* **EXERCISE OBJECTIVE**: Transcribe exactly the line that contains "alpha_i = (m" and every line below it in the listing, through the last, and no other lines.
[[ RECORD SET open ]]
(* Let $m,n\ge 1$ and $k\ge 2$ be integers. The linear map $\psi_{m,k}:V_{m,k}\to\mathbb{R}^N$ is an isomorphism of real vector spaces.
   Context: $mB^n=\{0,1,\ldots,m\}^n$. For an integer $k\ge 2$, a polynomial $P\in\mathbb{R}[x_1,\ldots,x_n]$ is called $(m,k)$-reduced if two conditions hold: $\deg P\le mn+(m+1)(k-1)-1$, and no monomial of $P$ is divisible by $x_{i_1}^{m+1}\cdots x_{i_k}^{m+1}$ for any indices $i_1,\ldots,i_k$ (not necessarily distinct). $V_{m,k}$ is the space of all $(m,k)$-reduced polynomials. $M_k(n)=\binom{n+k-1}{n}$ and $N=\big((m+1)^n-1\big)M_k(n)+M_{k-1}(n)$. The map $\psi_{m,k}$ sends $P\in V_{m,k}$ to the $N$-tuple listing, in a fixed order, two groups of values: - the values at every point of $mB^n\setminus\{\mathbf 0\}$ of all partial derivatives $\partial^{j_1+\cdots+j_n}P/\partial x_1^{j_1}\cdots\partial x_n^{j_n}$ with $j_1+\cdots+j_n<k$; - the values at $\mathbf 0$ of all such partial derivatives with $j_1+\cdots+j_n<k-1$. *)

theory Defs
  imports Complex_Main
begin

text \<open>Multivariate real polynomials in x_0..x_(n-1) are represented by their coefficient
  functions c :: (nat => nat) => real, indexed by exponent vectors alpha (alpha i = 0 for i >= n).\<close>

definition expset :: "nat \<Rightarrow> nat \<Rightarrow> (nat \<Rightarrow> nat) set" where
  "expset n D = {\<alpha>. (\<forall>i\<ge>n. \<alpha> i = 0) \<and> (\<Sum>i<n. \<alpha> i) \<le> D}"

text \<open>x_(i1)^(m+1) ... x_(ik)^(m+1) divides the monomial x^alpha, where t i counts how often
  index i occurs among i1..ik.\<close>
definition mono_divisible :: "nat \<Rightarrow> nat \<Rightarrow> nat \<Rightarrow> (nat \<Rightarrow> nat) \<Rightarrow> bool" where
  "mono_divisible n m k \<alpha> =
     (\<exists>t::nat \<Rightarrow> nat. (\<Sum>i<n. t i) = k \<and> (\<forall>i<n. (m + 1) * t i \<le> \<alpha> i))"

definition deg_bound :: "nat \<Rightarrow> nat \<Rightarrow> nat \<Rightarrow> nat" where
  "deg_bound n m k = m * n + (m + 1) * (k - 1) - 1"

definition reduced_space :: "nat \<Rightarrow> nat \<Rightarrow> nat \<Rightarrow> ((nat \<Rightarrow> nat) \<Rightarrow> real) set" where
  "reduced_space n m k =
     {c. \<forall>\<alpha>. c \<alpha> \<noteq> 0 \<longrightarrow> \<alpha> \<in> expset n (deg_bound n m k) \<and> \<not> mono_divisible n m k \<alpha>}"

text \<open>Value at x of the partial derivative d^|j| P / dx_0^(j 0) ... dx_(n-1)^(j (n-1)),
  for P with coefficients c supported in expset n D.\<close>
definition deriv_at :: "nat \<Rightarrow> nat \<Rightarrow> ((nat \<Rightarrow> nat) \<Rightarrow> real) \<Rightarrow> (nat \<Rightarrow> nat) \<Rightarrow> (nat \<Rightarrow> real) \<Rightarrow> real" where
  "deriv_at n D c j x =
     (\<Sum>\<alpha>\<in>expset n D. c \<alpha> * (\<Prod>i<n. real (\<Prod>t<j i. \<alpha> i - t) * x i ^ (\<alpha> i - j i)))"

definition grid_pts :: "nat \<Rightarrow> nat \<Rightarrow> (nat \<Rightarrow> nat) set" where
  "grid_pts n m = {x. (\<forall>i<n. x i \<le> m) \<and> (\<forall>i\<ge>n. x i = 0)}"

definition midx :: "nat \<Rightarrow> nat \<Rightarrow> (nat \<Rightarrow> nat) set" where
  "midx n d = {j. (\<forall>i\<ge>n. j i = 0) \<and> (\<Sum>i<n. j i) < d}"

definition psi_index :: "nat \<Rightarrow> nat \<Rightarrow> nat \<Rightarrow> ((nat \<Rightarrow> nat) \<times> (nat \<Rightarrow> nat)) set" where
  "psi_index n m k =
     {(x, j). x \<in> grid_pts n m - {(\<lambda>_. 0)} \<and> j \<in> midx n k}
     \<union> {(x, j). x = (\<lambda>_. 0) \<and> j \<in> midx n (k - 1)}"

text \<open>psi_{m,k}: the tuple is a function on psi_index (extended by 0 outside).\<close>
definition psi :: "nat \<Rightarrow> nat \<Rightarrow> nat \<Rightarrow> ((nat \<Rightarrow> nat) \<Rightarrow> real) \<Rightarrow> ((nat \<Rightarrow> nat) \<times> (nat \<Rightarrow> nat)) \<Rightarrow> real" where
  "psi n m k c = (\<lambda>(x, j). if (x, j) \<in> psi_index n m k
       then deriv_at n (deg_bound n m k) c j (\<lambda>i. real (x i)) else 0)"

definition Mk :: "nat \<Rightarrow> nat \<Rightarrow> nat" where
  "Mk k n = (n + k - 1) choose n"

definition bigN :: "nat \<Rightarrow> nat \<Rightarrow> nat \<Rightarrow> nat" where
  "bigN n m k = ((m + 1) ^ n - 1) * Mk k n + Mk (k - 1) n"

end

theory Submission
  imports Defs "HOL-Computational_Algebra.Polynomial" "HOL-Library.Function_Algebras"
    "HOL-Library.FuncSet" "HOL-Library.Indicator_Function"
begin

text \<open>
  Let g(t) = t (t - 1) ... (t - m) and l_c(t) = g(t) / (t - c) (node_poly and lagrange_poly).
  For a grid point c and a multi-index q put E_(q,c)(x) = prod_i g(x_i)^(q_i) l_(c_i)(x_i)
  (hermite_tensor). Among the coordinates (b, j) of psi with |j| <= |q|, the only nonzero one
  of E_(q,c) is (c, q). If |q| <= k - 2 then E_(q,c) is (m,k)-reduced; if |q| = k - 1 then
  E_(q,c) - E_(q,0) is reduced, and (0, q) is not a coordinate of psi. Hence, by downward
  induction on |j|, every unit vector of R^N lies in the image of psi. Conversely, writing
  alpha_i = (m + 1) j_i + r_i sends the reduced monomials x^alpha injectively to the
  coordinates (m - r, j), so dim V_(m,k) <= N and psi is injective too.
\<close>

section \<open>Univariate Hermite-type interpolation polynomials\<close>

lemma poly_eq_sum_atMost:
  fixes p :: "'a::comm_semiring_1 poly"
  assumes "degree p \<le> N"
  shows "poly p y = (\<Sum>a\<le>N. coeff p a * y ^ a)"
proof -
  have "poly p y = (\<Sum>a\<le>degree p. coeff p a * y ^ a)" by (rule poly_altdef)
  also have "\<dots> = (\<Sum>a\<le>N. coeff p a * y ^ a)"
    by (rule sum.mono_neutral_left) (use assms in \<open>auto simp: coeff_eq_0\<close>)
  finally show ?thesis .
qed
[[ RECORD SET closed ]]
* **SOLUTION FOR THIS TASK**:
  alpha_i = (m + 1) j_i + r_i sends the reduced monomials x^alpha injectively to the
  coordinates (m - r, j), so dim V_(m,k) <= N and psi is injective too.
\<close>

section \<open>Univariate Hermite-type interpolation polynomials\<close>

lemma poly_eq_sum_atMost:
  fixes p :: "'a::comm_semiring_1 poly"
  assumes "degree p \<le> N"
  shows "poly p y = (\<Sum>a\<le>N. coeff p a * y ^ a)"
proof -
  have "poly p y = (\<Sum>a\<le>degree p. coeff p a * y ^ a)" by (rule poly_altdef)
  also have "\<dots> = (\<Sum>a\<le>N. coeff p a * y ^ a)"
    by (rule sum.mono_neutral_left) (use assms in \<open>auto simp: coeff_eq_0\<close>)
  finally show ?thesis .
qed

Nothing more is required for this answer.